(Data extracts begins)
lemma finite_card_dyadic_cube:
  "finite (dyadic_cube n :: (int^'m::finite) set) \<and> card (dyadic_cube n :: (int^'m) set) \<le> (2 * 2^n) ^ CARD('m)"
proof -
  define B where "B = Pi\<^sub>E (UNIV::'m set) (\<lambda>_. {-(2^n)<..<(2::int)^n})"
  have inj: "inj_on vec_nth (dyadic_cube n :: (int^'m) set)" by (auto simp: inj_on_def vec_eq_iff)
  have sub: "vec_nth ` (dyadic_cube n :: (int^'m) set) \<subseteq> B"
    unfolding B_def dyadic_cube_def by (auto simp: abs_less_iff) (metis minus_less_iff)
  have fB: "finite B" unfolding B_def by (intro finite_PiE) auto
  have "card (dyadic_cube n :: (int^'m) set) \<le> card B" by (rule card_inj_on_le[OF inj sub fB])
  also have "card B = (nat (2 * 2^n - 1)) ^ CARD('m)" unfolding B_def by (simp add: card_PiE algebra_simps)
  also have "\<dots> \<le> (2 * 2^n) ^ CARD('m)" by (intro power_mono) (auto simp: nat_le_iff)
  finally show ?thesis using inj_on_finite[OF inj sub fB] by simp
qed

lemma real_card_subset_dyadic_cube:
  assumes "A \<subseteq> (dyadic_cube n :: (int^'m::finite) set)"
  shows "real (card A) \<le> (2 * 2^n) ^ CARD('m)"
proof -
  have "card A \<le> (2 * 2^n) ^ CARD('m)"
    using assms finite_card_dyadic_cube[of n, where 'm='m] card_mono order_trans by metis
  then have "real (card A) \<le> real ((2 * 2^n) ^ CARD('m))" by (simp only: of_nat_le_iff)
  then show ?thesis by simp
qed

lemma finite_subset_dyadic_cube: "finite K \<Longrightarrow> \<exists>N. K \<subseteq> (dyadic_cube N :: (int^'m::finite) set) \<and> J < N"
proof (induction K rule: finite_induct)
  case (insert k K)
  then obtain N where N: "K \<subseteq> dyadic_cube N" "J < N" by blast
  define n where "n = nat (\<Sum>l\<in>UNIV. \<bar>k$l\<bar>)"
  have "\<bar>k$l\<bar> < 2^n" for l
  proof -
    have "\<bar>k$l\<bar> \<le> (\<Sum>l\<in>UNIV. \<bar>k$l\<bar>)" by (rule member_le_sum) auto
    also have "\<dots> = int n" unfolding n_def by (simp add: sum_nonneg)
    also have "\<dots> < 2^n" by (metis of_nat_less_iff less_exp of_nat_numeral of_nat_power)
    finally show ?thesis .
  qed
  then have "k \<in> dyadic_cube n" unfolding dyadic_cube_def by blast
  then show ?case using N dyadic_cube_mono[of N "max N n"] dyadic_cube_mono[of n "max N n"]
    by (intro exI[of _ "max N n"]) auto
qed auto

lemma dyadic_shells_cover:
  assumes kN: "k \<in> dyadic_cube N" and kJ: "k \<notin> dyadic_cube J"
  shows "\<exists>j\<in>{J..<N}. k \<in> dyadic_shell j"
proof -
  have JN: "J < N"
  proof (rule ccontr)
    assume "\<not> J < N"
    then have "dyadic_cube N \<subseteq> dyadic_cube J" by (intro dyadic_cube_mono) simp
    then show False using kN kJ by blast
  qed
  define j where "j = (LEAST j. k \<in> dyadic_cube (Suc j))"
  have ex: "k \<in> dyadic_cube (Suc (N - 1))" using kN JN by simp
  have j1: "k \<in> dyadic_cube (Suc j)" unfolding j_def by (rule LeastI[where P="\<lambda>j. k \<in> dyadic_cube (Suc j)", OF ex])
  have j2: "j \<le> N - 1" unfolding j_def by (rule Least_le[where P="\<lambda>j. k \<in> dyadic_cube (Suc j)", OF ex])
  have Jj: "J \<le> j"
  proof (rule ccontr)
    assume "\<not> J \<le> j"
    then have "dyadic_cube (Suc j) \<subseteq> dyadic_cube J" by (intro dyadic_cube_mono) simp
    then show False using j1 kJ by blast
  qed
  have "\<exists>i. 2^j \<le> \<bar>k$i\<bar>"
  proof (cases j)
    case 0
    obtain i where "2^J \<le> \<bar>k$i\<bar>" using kJ unfolding dyadic_cube_def by (auto simp: not_less)
    moreover have "(1::int) \<le> 2^J" by simp
    ultimately have "1 \<le> \<bar>k$i\<bar>" by linarith
    then show ?thesis using 0 by (intro exI[of _ i]) simp
  next
    case (Suc j')
    have "k \<notin> dyadic_cube (Suc j')" unfolding j_def using Suc by (metis j_def lessI not_less_Least)
    then show ?thesis unfolding dyadic_cube_def using Suc by (auto simp: not_less)
  qed
  then have "k \<in> dyadic_shell j" using j1 unfolding dyadic_shell_def dyadic_cube_def by blast
  moreover have "j \<in> {J..<N}" using Jj j2 JN by auto
  ultimately show ?thesis by blast
qed

lemma sum_le_sum_cover:
  fixes a :: "'a \<Rightarrow> real"
  assumes K: "finite K" and I: "finite I" and cov: "\<And>x. x \<in> K \<Longrightarrow> \<exists>i\<in>I. x \<in> P i"
    and nn: "\<And>x. x \<in> K \<Longrightarrow> 0 \<le> a x"
  shows "(\<Sum>x\<in>K. a x) \<le> (\<Sum>i\<in>I. \<Sum>x\<in>K \<inter> P i. a x)"
proof -
  have "(\<Sum>x\<in>K. a x) \<le> (\<Sum>x\<in>K. \<Sum>i\<in>I. if x \<in> P i then a x else 0)"
  proof (rule sum_mono)
    fix x assume x: "x \<in> K"
    then obtain i where i: "i \<in> I" "x \<in> P i" using cov by blast
    then have "a x = (if x \<in> P i then a x else 0)" by simp
    also have "\<dots> \<le> (\<Sum>i\<in>I. if x \<in> P i then a x else 0)"
      by (rule member_le_sum[OF i(1)]) (use nn x I in auto)
    finally show "a x \<le> (\<Sum>i\<in>I. if x \<in> P i then a x else 0)" .
  qed
  also have "\<dots> = (\<Sum>i\<in>I. \<Sum>x\<in>K. if x \<in> P i then a x else 0)" by (rule sum.swap)
  also have "\<dots> = (\<Sum>i\<in>I. \<Sum>x\<in>K \<inter> P i. a x)"
  proof (rule sum.cong[OF refl])
    fix i
    have "K \<inter> P i = {x\<in>K. x \<in> P i}" by auto
    then show "(\<Sum>x\<in>K. if x \<in> P i then a x else 0) = (\<Sum>x\<in>K \<inter> P i. a x)"
      using sum.inter_filter[OF K, of a "\<lambda>x. x \<in> P i"] by simp
  qed
  finally show ?thesis .
qed

text \<open>Hoelder's inequality with exponents \<open>2/p\<close> and \<open>2/(2-p)\<close>, via convexity of \<open>x^(2/p)\<close>.\<close>

lemma sum_powr_le_card_powr_sum_sq:
  fixes a :: "'a \<Rightarrow> real"
  assumes A: "finite A" and nn: "\<And>x. x \<in> A \<Longrightarrow> 0 \<le> a x" and p: "1 \<le> p" "p \<le> 2"
  shows "(\<Sum>x\<in>A. a x powr p) \<le> real (card A) powr (1 - p/2) * (\<Sum>x\<in>A. (a x)\<^sup>2) powr (p/2)"
proof -
  define A' where "A' = {x\<in>A. a x > 0}"
  have fA': "finite A'" unfolding A'_def using A by simp
  have pos: "\<And>x. x \<in> A' \<Longrightarrow> 0 < a x" unfolding A'_def by simp
  have e1: "(\<Sum>x\<in>A. a x powr p) = (\<Sum>x\<in>A'. a x powr p)"
    unfolding A'_def using A nn by (intro sum.mono_neutral_right) (auto, smt (verit))
  have e2: "(\<Sum>x\<in>A. (a x)\<^sup>2) = (\<Sum>x\<in>A'. (a x)\<^sup>2)"
    unfolding A'_def using A nn by (intro sum.mono_neutral_right) (auto, smt (verit))
  show ?thesis
  proof (cases "A' = {}")
    case True
    then show ?thesis unfolding e1 by simp
  next
    case False
    define n where "n = real (card A')"
    have n: "n > 0" unfolding n_def using fA' False by (simp add: card_gt_0_iff)
    define Y where "Y = (\<Sum>x\<in>A'. a x powr p)"
    define Q where "Q = (\<Sum>x\<in>A'. (a x)\<^sup>2)"
    have pp: "\<And>x. x \<in> A' \<Longrightarrow> a x powr p > 0" using pos by (metis less_irrefl powr_gt_zero)
    have qq: "\<And>x. x \<in> A' \<Longrightarrow> (a x)\<^sup>2 > 0" using pos by (metis less_irrefl zero_less_power2)
    have Y0: "Y > 0" unfolding Y_def using fA' False pp by (intro sum_pos) auto
    have Q0: "Q > 0" unfolding Q_def using fA' False qq by (intro sum_pos) auto
    have cv: "convex_on {0<..} (\<lambda>x. x powr (2/p))" using p by (intro powr_convex) (simp add: field_simps)
    have "(\<Sum>x\<in>A'. (1/n) *\<^sub>R (a x powr p)) powr (2/p) \<le> (\<Sum>x\<in>A'. (1/n) * ((a x powr p) powr (2/p)))"
      using n pp by (intro convex_on_sum[OF fA' False cv]) (auto simp: n_def)
    also have "\<dots> = Q / n" unfolding Q_def
      using pos p by (simp add: powr_powr sum_distrib_left powr_realpow[symmetric] sum_divide_distrib)
    finally have "(Y / n) powr (2/p) \<le> Q / n" unfolding Y_def by (simp add: sum_divide_distrib)
    then have "((Y / n) powr (2/p)) powr (p/2) \<le> (Q / n) powr (p/2)"
      using p Y0 n by (intro powr_mono2) auto
    then have "Y \<le> n * (Q / n) powr (p/2)" using p Y0 n by (simp add: powr_powr field_simps)
    also have "\<dots> = n powr (1 - p/2) * Q powr (p/2)"
      using n Q0 by (simp add: powr_divide powr_diff)
    also have "\<dots> \<le> real (card A) powr (1 - p/2) * Q powr (p/2)"
      unfolding n_def A'_def using A p n
      by (intro mult_right_mono powr_mono2) (auto simp: n_def A'_def intro: card_mono)
    finally show ?thesis unfolding e1 e2 Y_def Q_def .
  qed
qed
lemma W_space_subset_span_psi:
  assumes m: "0 < m" "m < n" and y: "bij_betw y {1..2 * n} (Y_nodes n)"
  shows "W_space n m \<subseteq> lin_span {1..2 * n} (psi n m y)"
proof
  fix f assume "f \<in> W_space n m"
  then have "f \<in> V_space (3 * n) m" and orth: "\<And>g. g \<in> V_space n m \<Longrightarrow> cheb_inner f g = 0"
    unfolding W_space_def by auto
  then obtain c where "f = cheb_series (6 * n) (\<lambda>j. \<Sum>i<3 * n. c i * qf_coeffs (3 * n) m i j)"
    by (elim V_space_eq_cheb_series) auto
  moreover define a where "a j = (\<Sum>i<3 * n. c i * qf_coeffs (3 * n) m i j)" for j
  ultimately have f: "f = cheb_series (6 * n) a"
    by (simp add: a_def[abs_def])
  have "V_coeffs (3 * n) m a"
    unfolding a_def[abs_def] using m by (intro V_coeffs_lincomb V_coeffs_qf_coeffs) auto
  define d where "d k = coeff_inner (6 * n) a (psi_coeffs n m y k)" for k
  define B where "B = (\<lambda>j. \<Sum>k\<in>{1..2 * n}. d k * psi_coeffs n m y k j)"
  have "a j - B j = 0" for j
  proof (rule orthogonal_qf_tq_coeffs_imp_zero[OF m])
    show "V_coeffs (3 * n) m (\<lambda>j. a j - B j)"
      unfolding B_def using m \<open>V_coeffs (3 * n) m a\<close>
      by (intro V_coeffs_diff V_coeffs_lincomb V_coeffs_psi_coeffs)
  next
    fix j assume "j < n"
    then have "coeff_inner (6 * n) a (qf_coeffs n m j) = 0"
      using orth[OF qf_in_V_space[OF \<open>j < n\<close>]] qf_eq_cheb_series[of j n "6 * n" m]
      by (simp add: f cheb_inner_cheb_series)
    with \<open>j < n\<close> m show "coeff_inner (6 * n) (\<lambda>j. a j - B j) (qf_coeffs n m j) = 0"
      by (simp add: B_def coeff_inner_diff_left coeff_inner_lincomb_left
          coeff_inner_psi_qf_coeffs)
  next
    fix r assume r: "n \<le> r" "r < 3 * n"
    have "coeff_inner (6 * n) B (tq_coeffs n m r) = coeff_inner (6 * n) a (tq_coeffs n m r)"
      unfolding B_def d_def by (rule coeff_inner_psi_expansion_tq_coeffs[OF m y r])
    then show "coeff_inner (6 * n) (\<lambda>j. a j - B j) (tq_coeffs n m r) = 0"
      by (simp add: coeff_inner_diff_left)
  qed
  then have "f = cheb_series (6 * n) B"
    unfolding f by (intro cheb_series_cong) simp
  also have "\<dots> = (\<lambda>x. \<Sum>k\<in>{1..2 * n}. d k * psi n m y k x)"
    by (simp add: fun_eq_iff B_def cheb_series_lincomb psi_eq_cheb_series)
  finally show "f \<in> lin_span {1..2 * n} (psi n m y)"
    unfolding lin_span_def by blast
qed

theorem proposition3:
  fixes n m :: nat and y :: "nat \<Rightarrow> real"
  assumes "0 < m" and "m < n"
    and "bij_betw y {1..2 * n} (Y_nodes n)"
  shows "W_space n m = lin_span {1..2 * n} (psi n m y)
    \<and> (\<forall>k\<in>{1..2 * n}. \<forall>h\<in>{1..2 * n}.
          cheb_inner (psi n m y k) (psi n m y h) = (if k = h then 1 else 0))"
  using equalityI[OF W_space_subset_span_psi[OF assms] span_psi_subset_W_space[OF assms(1,2)]]
    psi_orthonormal[OF assms] by simp

end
(Data extracts ends)
● Your goal
Could you write out, exactly as they stand, only the lines above that begin at the line with "Pi\<^sub>E (UNIV::'m set)" and stop after the line with "inj sub fB])"?

● Your solution
  define B where "B = Pi\<^sub>E (UNIV::'m set) (\<lambda>_. {-(2^n)<..<(2::int)^n})"
  have inj: "inj_on vec_nth (dyadic_cube n :: (int^'m) set)" by (auto simp: inj_on_def vec_eq_iff)
  have sub: "vec_nth ` (dyadic_cube n :: (int^'m) set) \<subseteq> B"
    unfolding B_def dyadic_cube_def by (auto simp: abs_less_iff) (metis minus_less_iff)
  have fB: "finite B" unfolding B_def by (intro finite_PiE) auto
  have "card (dyadic_cube n :: (int^'m) set) \<le> card B" by (rule card_inj_on_le[OF inj sub fB])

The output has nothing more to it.